## PROBLEM TO SOLVE:
Return each record shown below exactly, with none omitted.

## DATA:
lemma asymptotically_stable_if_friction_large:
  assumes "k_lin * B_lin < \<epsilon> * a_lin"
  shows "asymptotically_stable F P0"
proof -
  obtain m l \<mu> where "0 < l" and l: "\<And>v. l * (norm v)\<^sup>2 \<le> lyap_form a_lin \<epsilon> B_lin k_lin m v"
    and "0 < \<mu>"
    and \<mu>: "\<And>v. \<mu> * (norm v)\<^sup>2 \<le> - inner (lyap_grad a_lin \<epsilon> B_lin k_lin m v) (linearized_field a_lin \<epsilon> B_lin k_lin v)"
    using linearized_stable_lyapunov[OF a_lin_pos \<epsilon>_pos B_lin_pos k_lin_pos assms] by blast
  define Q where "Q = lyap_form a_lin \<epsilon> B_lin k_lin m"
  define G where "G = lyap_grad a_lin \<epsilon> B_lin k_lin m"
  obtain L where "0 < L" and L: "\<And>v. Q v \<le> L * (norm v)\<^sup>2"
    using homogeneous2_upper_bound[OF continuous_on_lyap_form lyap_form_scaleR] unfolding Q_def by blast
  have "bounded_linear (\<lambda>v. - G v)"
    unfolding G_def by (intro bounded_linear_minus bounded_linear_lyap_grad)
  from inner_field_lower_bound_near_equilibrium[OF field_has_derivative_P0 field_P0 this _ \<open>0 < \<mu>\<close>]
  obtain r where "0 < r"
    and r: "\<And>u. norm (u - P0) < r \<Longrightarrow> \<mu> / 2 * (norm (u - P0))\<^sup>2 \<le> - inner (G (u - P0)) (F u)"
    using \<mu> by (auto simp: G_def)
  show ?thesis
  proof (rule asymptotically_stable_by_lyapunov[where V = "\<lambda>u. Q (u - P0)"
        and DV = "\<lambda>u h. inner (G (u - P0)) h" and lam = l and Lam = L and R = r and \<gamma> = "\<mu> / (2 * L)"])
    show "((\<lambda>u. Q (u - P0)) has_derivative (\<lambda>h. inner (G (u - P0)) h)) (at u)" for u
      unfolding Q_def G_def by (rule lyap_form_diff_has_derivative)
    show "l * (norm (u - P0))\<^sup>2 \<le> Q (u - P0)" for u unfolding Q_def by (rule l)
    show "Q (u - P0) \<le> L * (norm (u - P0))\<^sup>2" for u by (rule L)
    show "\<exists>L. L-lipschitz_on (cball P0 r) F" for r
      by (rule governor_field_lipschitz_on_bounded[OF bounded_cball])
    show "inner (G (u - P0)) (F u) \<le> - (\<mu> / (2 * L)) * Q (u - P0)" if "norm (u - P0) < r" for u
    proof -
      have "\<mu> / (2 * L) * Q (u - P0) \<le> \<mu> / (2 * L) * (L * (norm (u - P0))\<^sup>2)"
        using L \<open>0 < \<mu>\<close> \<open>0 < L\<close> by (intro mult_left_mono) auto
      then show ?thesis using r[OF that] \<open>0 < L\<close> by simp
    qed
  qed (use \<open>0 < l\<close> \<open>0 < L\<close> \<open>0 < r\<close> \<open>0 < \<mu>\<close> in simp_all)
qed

## ANSWER BOX:
lemma asymptotically_stable_if_friction_large:
  assumes "k_lin * B_lin < \<epsilon> * a_lin"
  shows "asymptotically_stable F P0"
proof -
  obtain m l \<mu> where "0 < l" and l: "\<And>v. l * (norm v)\<^sup>2 \<le> lyap_form a_lin \<epsilon> B_lin k_lin m v"
    and "0 < \<mu>"
    and \<mu>: "\<And>v. \<mu> * (norm v)\<^sup>2 \<le> - inner (lyap_grad a_lin \<epsilon> B_lin k_lin m v) (linearized_field a_lin \<epsilon> B_lin k_lin v)"
    using linearized_stable_lyapunov[OF a_lin_pos \<epsilon>_pos B_lin_pos k_lin_pos assms] by blast
  define Q where "Q = lyap_form a_lin \<epsilon> B_lin k_lin m"
  define G where "G = lyap_grad a_lin \<epsilon> B_lin k_lin m"
  obtain L where "0 < L" and L: "\<And>v. Q v \<le> L * (norm v)\<^sup>2"
    using homogeneous2_upper_bound[OF continuous_on_lyap_form lyap_form_scaleR] unfolding Q_def by blast
  have "bounded_linear (\<lambda>v. - G v)"
    unfolding G_def by (intro bounded_linear_minus bounded_linear_lyap_grad)
  from inner_field_lower_bound_near_equilibrium[OF field_has_derivative_P0 field_P0 this _ \<open>0 < \<mu>\<close>]
  obtain r where "0 < r"
    and r: "\<And>u. norm (u - P0) < r \<Longrightarrow> \<mu> / 2 * (norm (u - P0))\<^sup>2 \<le> - inner (G (u - P0)) (F u)"
    using \<mu> by (auto simp: G_def)
  show ?thesis
  proof (rule asymptotically_stable_by_lyapunov[where V = "\<lambda>u. Q (u - P0)"
        and DV = "\<lambda>u h. inner (G (u - P0)) h" and lam = l and Lam = L and R = r and \<gamma> = "\<mu> / (2 * L)"])
    show "((\<lambda>u. Q (u - P0)) has_derivative (\<lambda>h. inner (G (u - P0)) h)) (at u)" for u
      unfolding Q_def G_def by (rule lyap_form_diff_has_derivative)
    show "l * (norm (u - P0))\<^sup>2 \<le> Q (u - P0)" for u unfolding Q_def by (rule l)
    show "Q (u - P0) \<le> L * (norm (u - P0))\<^sup>2" for u by (rule L)
    show "\<exists>L. L-lipschitz_on (cball P0 r) F" for r
      by (rule governor_field_lipschitz_on_bounded[OF bounded_cball])
    show "inner (G (u - P0)) (F u) \<le> - (\<mu> / (2 * L)) * Q (u - P0)" if "norm (u - P0) < r" for u
    proof -
      have "\<mu> / (2 * L) * Q (u - P0) \<le> \<mu> / (2 * L) * (L * (norm (u - P0))\<^sup>2)"
        using L \<open>0 < \<mu>\<close> \<open>0 < L\<close> by (intro mult_left_mono) auto
      then show ?thesis using r[OF that] \<open>0 < L\<close> by simp
    qed
  qed (use \<open>0 < l\<close> \<open>0 < L\<close> \<open>0 < r\<close> \<open>0 < \<mu>\<close> in simp_all)
qed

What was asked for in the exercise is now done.